» Exercise directions
Please write out exactly the lines of the data below from the line holding "Dom C f \<in>" through the line holding "f\<cdot>g \<in> Hom", and leave out the rest.

» Dataset records
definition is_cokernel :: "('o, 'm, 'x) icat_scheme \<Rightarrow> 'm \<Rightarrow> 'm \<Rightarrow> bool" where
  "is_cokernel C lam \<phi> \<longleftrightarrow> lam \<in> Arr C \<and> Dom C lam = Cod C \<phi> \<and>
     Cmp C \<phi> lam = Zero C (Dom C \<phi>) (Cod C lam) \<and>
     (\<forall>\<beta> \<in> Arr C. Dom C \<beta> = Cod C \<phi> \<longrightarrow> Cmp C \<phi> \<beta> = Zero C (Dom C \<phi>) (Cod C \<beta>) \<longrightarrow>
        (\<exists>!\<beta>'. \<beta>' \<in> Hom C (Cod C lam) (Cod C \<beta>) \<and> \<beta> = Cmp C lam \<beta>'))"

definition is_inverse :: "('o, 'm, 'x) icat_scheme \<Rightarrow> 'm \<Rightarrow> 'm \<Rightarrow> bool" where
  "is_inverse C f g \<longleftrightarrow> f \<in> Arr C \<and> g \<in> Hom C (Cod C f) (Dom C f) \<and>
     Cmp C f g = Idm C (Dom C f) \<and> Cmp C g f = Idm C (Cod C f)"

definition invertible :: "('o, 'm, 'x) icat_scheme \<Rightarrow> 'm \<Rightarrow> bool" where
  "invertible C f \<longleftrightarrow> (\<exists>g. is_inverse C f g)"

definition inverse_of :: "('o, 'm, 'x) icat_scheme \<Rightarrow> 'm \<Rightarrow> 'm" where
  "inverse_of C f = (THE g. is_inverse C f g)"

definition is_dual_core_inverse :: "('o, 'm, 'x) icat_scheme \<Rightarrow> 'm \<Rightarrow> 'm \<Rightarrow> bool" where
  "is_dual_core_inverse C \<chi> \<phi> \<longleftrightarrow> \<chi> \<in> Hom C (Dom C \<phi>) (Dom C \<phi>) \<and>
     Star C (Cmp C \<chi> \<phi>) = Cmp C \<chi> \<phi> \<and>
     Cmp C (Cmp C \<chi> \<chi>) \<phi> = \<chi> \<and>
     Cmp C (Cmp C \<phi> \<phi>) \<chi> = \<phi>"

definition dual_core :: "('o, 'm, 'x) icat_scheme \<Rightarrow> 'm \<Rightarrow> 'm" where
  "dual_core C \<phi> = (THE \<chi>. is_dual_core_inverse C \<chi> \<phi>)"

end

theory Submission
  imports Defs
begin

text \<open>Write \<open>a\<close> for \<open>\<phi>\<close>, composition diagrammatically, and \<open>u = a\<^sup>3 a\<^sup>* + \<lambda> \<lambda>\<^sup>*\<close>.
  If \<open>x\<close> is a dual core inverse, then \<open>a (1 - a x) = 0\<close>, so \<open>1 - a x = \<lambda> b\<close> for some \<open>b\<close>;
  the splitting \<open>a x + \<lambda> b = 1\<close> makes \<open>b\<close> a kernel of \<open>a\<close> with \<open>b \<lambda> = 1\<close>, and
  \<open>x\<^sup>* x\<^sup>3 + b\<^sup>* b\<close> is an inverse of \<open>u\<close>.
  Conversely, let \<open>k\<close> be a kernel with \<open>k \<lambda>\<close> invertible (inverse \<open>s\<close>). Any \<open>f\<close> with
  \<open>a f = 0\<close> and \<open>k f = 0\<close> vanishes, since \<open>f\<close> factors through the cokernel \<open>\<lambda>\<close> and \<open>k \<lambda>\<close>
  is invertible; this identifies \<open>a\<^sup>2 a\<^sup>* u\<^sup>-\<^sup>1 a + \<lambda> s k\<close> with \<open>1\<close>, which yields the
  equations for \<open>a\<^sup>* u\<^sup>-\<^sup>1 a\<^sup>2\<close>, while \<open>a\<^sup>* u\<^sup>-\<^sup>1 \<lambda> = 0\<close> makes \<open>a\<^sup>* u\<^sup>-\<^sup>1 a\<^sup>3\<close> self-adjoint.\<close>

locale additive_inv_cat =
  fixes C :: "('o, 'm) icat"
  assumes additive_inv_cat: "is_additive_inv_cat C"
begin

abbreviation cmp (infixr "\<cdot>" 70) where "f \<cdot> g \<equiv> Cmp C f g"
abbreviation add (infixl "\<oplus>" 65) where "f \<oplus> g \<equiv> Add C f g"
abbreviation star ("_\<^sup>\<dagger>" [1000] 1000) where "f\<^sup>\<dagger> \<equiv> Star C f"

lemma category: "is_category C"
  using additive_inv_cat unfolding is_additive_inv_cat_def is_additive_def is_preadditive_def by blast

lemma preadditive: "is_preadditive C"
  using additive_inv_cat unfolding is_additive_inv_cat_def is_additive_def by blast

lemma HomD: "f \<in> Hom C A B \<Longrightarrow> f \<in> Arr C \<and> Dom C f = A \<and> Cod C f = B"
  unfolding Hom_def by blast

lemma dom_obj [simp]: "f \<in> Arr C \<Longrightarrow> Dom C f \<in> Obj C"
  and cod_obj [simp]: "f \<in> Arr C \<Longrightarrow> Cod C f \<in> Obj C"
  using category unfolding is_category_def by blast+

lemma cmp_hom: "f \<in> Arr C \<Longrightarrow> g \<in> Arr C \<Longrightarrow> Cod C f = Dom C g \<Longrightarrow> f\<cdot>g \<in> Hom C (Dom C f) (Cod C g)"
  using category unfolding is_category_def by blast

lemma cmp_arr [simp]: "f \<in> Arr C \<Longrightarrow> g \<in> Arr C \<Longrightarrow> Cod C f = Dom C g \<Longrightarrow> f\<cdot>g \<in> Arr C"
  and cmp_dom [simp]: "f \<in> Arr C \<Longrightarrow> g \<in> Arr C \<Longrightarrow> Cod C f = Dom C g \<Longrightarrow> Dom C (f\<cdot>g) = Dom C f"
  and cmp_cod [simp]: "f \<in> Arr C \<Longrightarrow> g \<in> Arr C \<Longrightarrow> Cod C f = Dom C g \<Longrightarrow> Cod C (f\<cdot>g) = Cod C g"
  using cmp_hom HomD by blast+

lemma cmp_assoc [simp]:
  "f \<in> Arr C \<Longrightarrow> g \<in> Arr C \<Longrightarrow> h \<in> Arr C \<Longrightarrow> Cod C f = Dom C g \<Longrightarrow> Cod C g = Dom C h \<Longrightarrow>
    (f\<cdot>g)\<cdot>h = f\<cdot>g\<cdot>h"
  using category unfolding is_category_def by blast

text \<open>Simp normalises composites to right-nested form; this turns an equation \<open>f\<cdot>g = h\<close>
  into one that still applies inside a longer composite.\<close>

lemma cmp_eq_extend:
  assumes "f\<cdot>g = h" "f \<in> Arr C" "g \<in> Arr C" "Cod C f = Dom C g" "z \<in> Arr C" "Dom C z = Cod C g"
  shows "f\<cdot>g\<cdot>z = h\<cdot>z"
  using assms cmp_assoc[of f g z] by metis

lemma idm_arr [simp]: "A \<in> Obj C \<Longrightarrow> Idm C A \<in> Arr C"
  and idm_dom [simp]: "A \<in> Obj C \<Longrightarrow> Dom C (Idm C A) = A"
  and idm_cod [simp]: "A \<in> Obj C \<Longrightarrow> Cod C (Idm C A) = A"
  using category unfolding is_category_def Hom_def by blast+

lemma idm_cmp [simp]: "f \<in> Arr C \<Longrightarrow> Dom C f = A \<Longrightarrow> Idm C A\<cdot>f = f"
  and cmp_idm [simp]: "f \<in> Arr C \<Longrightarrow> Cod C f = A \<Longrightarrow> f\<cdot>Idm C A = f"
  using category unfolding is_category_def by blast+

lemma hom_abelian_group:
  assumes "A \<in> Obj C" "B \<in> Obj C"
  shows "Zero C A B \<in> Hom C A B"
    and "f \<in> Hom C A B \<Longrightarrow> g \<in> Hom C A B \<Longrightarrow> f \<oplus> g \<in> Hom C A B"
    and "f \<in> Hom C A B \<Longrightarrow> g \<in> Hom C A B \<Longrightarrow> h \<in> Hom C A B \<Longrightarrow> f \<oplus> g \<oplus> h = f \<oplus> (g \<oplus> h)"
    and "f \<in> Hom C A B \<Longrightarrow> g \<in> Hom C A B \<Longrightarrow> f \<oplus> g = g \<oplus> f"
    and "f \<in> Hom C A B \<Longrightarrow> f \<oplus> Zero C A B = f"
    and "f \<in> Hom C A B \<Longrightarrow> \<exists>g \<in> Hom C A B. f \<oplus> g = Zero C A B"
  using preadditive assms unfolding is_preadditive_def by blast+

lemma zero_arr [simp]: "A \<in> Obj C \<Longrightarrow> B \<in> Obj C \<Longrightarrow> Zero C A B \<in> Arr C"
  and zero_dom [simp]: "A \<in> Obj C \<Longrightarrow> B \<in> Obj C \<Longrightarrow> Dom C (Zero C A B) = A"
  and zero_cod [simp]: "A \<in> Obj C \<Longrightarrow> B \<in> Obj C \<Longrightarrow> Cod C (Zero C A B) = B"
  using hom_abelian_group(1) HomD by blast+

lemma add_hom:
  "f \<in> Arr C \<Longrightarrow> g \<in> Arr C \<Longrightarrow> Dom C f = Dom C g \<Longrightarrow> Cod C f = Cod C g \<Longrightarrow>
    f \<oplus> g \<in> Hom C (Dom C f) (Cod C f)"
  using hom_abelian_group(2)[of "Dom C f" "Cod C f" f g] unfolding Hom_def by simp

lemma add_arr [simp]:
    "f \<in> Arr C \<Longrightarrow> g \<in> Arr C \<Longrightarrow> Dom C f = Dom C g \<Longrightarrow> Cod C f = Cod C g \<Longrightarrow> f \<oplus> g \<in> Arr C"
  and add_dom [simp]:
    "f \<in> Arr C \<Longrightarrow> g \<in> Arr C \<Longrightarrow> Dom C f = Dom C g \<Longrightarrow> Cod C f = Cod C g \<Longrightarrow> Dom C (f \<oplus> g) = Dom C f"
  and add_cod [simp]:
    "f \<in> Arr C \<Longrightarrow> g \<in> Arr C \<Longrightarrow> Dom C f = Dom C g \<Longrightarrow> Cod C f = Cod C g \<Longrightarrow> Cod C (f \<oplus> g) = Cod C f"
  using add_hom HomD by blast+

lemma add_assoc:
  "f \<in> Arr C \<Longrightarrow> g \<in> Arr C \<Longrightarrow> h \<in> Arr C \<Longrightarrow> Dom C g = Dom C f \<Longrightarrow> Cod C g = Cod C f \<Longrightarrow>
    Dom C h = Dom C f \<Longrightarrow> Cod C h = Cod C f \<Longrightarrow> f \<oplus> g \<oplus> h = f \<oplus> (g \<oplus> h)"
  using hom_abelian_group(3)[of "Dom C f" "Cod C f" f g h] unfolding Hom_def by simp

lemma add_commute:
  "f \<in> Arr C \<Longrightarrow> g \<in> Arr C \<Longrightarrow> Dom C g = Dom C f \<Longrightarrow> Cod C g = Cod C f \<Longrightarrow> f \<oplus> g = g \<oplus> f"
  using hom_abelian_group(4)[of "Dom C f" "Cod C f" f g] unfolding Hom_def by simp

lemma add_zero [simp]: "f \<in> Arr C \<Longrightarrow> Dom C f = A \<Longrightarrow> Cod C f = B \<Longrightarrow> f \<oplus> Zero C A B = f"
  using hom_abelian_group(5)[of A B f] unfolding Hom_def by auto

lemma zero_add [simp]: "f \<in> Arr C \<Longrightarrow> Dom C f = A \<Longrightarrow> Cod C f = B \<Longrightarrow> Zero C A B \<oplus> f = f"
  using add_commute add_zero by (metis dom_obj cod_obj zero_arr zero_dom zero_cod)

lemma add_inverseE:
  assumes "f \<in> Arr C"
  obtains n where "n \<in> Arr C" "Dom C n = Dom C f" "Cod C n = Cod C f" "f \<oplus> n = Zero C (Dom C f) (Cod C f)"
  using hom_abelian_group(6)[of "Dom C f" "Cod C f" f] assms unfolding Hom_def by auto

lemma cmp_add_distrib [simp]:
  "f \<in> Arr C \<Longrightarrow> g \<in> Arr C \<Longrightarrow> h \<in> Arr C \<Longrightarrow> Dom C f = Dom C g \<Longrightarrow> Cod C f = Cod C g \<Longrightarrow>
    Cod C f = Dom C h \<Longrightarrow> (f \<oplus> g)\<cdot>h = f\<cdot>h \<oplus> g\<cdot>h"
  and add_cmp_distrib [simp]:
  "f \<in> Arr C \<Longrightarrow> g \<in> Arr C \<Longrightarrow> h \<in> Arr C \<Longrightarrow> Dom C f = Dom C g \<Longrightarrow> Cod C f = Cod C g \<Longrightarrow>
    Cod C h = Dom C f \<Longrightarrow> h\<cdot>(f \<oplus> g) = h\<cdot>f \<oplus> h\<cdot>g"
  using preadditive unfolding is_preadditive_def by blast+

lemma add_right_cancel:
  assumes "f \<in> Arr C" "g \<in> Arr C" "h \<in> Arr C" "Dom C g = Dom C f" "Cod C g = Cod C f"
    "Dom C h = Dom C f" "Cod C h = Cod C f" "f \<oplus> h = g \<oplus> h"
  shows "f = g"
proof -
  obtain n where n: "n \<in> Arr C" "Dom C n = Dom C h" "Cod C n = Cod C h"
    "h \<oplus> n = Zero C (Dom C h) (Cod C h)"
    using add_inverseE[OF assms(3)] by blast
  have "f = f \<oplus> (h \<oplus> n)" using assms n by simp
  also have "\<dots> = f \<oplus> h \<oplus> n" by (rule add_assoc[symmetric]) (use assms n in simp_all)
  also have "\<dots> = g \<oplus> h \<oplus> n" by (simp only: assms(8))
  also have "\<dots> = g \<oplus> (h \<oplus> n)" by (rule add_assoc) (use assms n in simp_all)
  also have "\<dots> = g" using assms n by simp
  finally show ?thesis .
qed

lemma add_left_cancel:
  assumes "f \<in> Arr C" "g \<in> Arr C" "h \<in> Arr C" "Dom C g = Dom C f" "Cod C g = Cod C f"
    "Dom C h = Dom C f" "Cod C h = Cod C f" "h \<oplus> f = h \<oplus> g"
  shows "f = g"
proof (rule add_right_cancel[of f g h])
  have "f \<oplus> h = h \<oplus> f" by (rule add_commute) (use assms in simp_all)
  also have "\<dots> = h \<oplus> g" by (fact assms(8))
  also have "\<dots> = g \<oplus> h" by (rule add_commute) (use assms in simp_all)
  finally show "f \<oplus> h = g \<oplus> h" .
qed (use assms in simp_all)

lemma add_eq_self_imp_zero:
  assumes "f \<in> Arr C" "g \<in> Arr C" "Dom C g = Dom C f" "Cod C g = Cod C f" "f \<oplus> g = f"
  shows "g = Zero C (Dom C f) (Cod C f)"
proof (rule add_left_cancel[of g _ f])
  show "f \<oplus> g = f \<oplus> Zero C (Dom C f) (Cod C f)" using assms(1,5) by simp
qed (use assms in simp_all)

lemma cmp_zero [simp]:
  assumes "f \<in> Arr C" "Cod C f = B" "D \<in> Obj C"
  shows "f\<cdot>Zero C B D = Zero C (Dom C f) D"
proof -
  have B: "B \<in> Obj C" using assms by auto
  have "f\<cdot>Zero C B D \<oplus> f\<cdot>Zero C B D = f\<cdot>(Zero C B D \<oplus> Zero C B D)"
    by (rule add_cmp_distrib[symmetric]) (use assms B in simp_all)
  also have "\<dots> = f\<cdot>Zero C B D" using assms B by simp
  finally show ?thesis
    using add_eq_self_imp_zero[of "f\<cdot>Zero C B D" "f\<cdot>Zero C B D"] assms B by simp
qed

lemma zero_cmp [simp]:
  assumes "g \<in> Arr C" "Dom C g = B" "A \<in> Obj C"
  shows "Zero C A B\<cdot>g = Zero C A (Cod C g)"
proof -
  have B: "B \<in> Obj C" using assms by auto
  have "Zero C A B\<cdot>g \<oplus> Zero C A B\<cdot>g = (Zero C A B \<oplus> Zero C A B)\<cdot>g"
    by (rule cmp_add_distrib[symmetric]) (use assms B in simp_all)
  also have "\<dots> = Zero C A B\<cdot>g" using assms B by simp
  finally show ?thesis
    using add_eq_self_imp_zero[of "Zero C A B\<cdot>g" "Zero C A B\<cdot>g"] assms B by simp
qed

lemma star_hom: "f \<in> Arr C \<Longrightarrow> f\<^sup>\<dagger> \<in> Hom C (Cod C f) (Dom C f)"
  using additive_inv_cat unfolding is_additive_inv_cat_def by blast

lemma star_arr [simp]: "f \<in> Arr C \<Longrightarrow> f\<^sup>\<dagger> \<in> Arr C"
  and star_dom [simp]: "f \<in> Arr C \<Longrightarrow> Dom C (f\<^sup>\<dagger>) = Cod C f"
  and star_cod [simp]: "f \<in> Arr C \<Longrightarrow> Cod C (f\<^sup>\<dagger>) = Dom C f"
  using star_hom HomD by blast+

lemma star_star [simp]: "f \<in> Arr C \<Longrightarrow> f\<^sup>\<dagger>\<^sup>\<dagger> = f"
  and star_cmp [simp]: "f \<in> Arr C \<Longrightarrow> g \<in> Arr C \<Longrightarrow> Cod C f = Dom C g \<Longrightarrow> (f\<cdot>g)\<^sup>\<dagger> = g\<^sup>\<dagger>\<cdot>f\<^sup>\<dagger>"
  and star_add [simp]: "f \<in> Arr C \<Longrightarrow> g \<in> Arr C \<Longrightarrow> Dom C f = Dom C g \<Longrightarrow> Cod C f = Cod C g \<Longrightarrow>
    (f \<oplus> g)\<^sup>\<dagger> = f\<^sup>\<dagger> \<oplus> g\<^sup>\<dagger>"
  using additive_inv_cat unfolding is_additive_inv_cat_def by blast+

* * *

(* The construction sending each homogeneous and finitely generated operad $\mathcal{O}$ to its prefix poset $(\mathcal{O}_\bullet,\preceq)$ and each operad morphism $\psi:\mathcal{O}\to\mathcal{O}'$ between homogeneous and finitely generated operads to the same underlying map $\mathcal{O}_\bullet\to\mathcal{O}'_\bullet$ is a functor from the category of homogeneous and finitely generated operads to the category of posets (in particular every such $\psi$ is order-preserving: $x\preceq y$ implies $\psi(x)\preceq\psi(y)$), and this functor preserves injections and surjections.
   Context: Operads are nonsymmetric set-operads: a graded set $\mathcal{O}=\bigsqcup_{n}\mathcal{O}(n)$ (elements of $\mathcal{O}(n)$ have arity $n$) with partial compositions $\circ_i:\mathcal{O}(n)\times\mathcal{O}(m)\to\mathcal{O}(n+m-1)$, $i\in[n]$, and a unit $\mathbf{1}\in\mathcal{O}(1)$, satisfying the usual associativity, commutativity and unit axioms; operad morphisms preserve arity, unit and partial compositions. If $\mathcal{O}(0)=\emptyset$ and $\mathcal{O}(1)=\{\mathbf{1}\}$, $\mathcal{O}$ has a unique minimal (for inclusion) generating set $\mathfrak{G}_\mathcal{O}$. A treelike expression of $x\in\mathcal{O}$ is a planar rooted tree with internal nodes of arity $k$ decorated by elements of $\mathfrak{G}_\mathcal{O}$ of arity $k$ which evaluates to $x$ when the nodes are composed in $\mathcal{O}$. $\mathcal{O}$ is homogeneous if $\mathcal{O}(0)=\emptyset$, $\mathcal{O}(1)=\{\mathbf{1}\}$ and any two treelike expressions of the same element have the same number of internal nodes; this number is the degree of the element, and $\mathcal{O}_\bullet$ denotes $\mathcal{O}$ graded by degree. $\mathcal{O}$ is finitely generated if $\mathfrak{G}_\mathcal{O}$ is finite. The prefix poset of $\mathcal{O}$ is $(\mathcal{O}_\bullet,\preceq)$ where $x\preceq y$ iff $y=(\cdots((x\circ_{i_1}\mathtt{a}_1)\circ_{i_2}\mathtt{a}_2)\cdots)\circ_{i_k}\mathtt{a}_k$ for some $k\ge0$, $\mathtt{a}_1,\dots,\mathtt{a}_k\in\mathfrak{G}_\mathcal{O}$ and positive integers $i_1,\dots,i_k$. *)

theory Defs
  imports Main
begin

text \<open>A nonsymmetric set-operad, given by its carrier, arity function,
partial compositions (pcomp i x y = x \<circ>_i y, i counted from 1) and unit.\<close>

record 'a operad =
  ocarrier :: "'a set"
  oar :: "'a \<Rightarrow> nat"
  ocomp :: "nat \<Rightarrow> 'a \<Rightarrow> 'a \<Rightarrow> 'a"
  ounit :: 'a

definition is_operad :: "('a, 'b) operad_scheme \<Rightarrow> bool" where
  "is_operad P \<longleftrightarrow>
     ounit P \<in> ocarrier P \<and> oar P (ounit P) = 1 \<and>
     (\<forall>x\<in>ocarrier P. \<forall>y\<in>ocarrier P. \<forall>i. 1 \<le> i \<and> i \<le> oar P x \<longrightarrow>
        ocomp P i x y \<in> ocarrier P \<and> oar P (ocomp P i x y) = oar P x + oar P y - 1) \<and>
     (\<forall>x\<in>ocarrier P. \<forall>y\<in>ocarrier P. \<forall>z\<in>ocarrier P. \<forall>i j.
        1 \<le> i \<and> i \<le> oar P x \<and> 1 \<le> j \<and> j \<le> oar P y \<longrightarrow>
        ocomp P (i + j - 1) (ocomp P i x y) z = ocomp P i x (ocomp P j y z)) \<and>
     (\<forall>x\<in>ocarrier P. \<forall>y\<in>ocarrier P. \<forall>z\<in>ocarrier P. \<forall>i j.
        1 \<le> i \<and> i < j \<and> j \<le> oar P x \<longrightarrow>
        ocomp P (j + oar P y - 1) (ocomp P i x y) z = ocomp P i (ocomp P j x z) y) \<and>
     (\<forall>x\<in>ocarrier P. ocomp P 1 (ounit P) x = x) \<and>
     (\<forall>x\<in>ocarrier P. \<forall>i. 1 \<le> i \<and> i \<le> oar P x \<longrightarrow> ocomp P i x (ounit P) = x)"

---

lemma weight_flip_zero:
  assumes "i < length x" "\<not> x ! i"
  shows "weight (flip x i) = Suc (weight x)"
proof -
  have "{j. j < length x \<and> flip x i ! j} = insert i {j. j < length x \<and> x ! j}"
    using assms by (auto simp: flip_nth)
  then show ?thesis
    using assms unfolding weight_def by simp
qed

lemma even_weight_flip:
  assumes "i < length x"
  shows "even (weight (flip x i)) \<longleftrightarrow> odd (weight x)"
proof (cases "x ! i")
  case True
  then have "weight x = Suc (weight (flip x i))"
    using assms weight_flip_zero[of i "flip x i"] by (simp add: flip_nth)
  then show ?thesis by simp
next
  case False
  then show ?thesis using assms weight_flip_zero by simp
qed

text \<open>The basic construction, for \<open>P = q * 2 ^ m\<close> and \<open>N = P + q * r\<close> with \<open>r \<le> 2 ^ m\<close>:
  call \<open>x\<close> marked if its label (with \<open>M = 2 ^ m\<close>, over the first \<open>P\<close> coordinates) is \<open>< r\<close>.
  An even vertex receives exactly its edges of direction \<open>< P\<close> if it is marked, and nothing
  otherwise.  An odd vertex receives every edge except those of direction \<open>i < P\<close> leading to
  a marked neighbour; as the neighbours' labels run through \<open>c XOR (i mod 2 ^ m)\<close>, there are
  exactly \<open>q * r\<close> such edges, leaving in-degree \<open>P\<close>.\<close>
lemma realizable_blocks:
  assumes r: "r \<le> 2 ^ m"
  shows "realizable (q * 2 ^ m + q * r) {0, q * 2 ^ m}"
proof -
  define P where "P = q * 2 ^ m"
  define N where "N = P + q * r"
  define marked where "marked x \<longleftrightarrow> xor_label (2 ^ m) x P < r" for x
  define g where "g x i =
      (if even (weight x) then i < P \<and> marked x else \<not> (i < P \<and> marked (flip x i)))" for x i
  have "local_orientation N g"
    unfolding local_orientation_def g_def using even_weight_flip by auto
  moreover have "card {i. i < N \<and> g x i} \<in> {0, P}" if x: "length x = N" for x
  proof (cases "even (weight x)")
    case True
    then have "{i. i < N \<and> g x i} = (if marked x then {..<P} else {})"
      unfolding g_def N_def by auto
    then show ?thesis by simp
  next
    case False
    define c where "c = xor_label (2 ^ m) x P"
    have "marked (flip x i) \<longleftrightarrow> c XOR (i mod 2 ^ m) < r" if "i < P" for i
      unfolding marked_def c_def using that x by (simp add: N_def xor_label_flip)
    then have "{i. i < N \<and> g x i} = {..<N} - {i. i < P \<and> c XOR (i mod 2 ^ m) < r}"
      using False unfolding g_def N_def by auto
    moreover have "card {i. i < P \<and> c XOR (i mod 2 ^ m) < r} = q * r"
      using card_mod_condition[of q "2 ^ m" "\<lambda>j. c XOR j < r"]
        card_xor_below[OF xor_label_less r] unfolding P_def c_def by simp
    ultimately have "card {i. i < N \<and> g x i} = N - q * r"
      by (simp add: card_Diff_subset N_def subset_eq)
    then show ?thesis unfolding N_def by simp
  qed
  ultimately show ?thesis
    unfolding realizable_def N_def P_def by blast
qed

» Result
lemma dom_obj [simp]: "f \<in> Arr C \<Longrightarrow> Dom C f \<in> Obj C"
  and cod_obj [simp]: "f \<in> Arr C \<Longrightarrow> Cod C f \<in> Obj C"
  using category unfolding is_category_def by blast+

lemma cmp_hom: "f \<in> Arr C \<Longrightarrow> g \<in> Arr C \<Longrightarrow> Cod C f = Dom C g \<Longrightarrow> f\<cdot>g \<in> Hom C (Dom C f) (Cod C g)"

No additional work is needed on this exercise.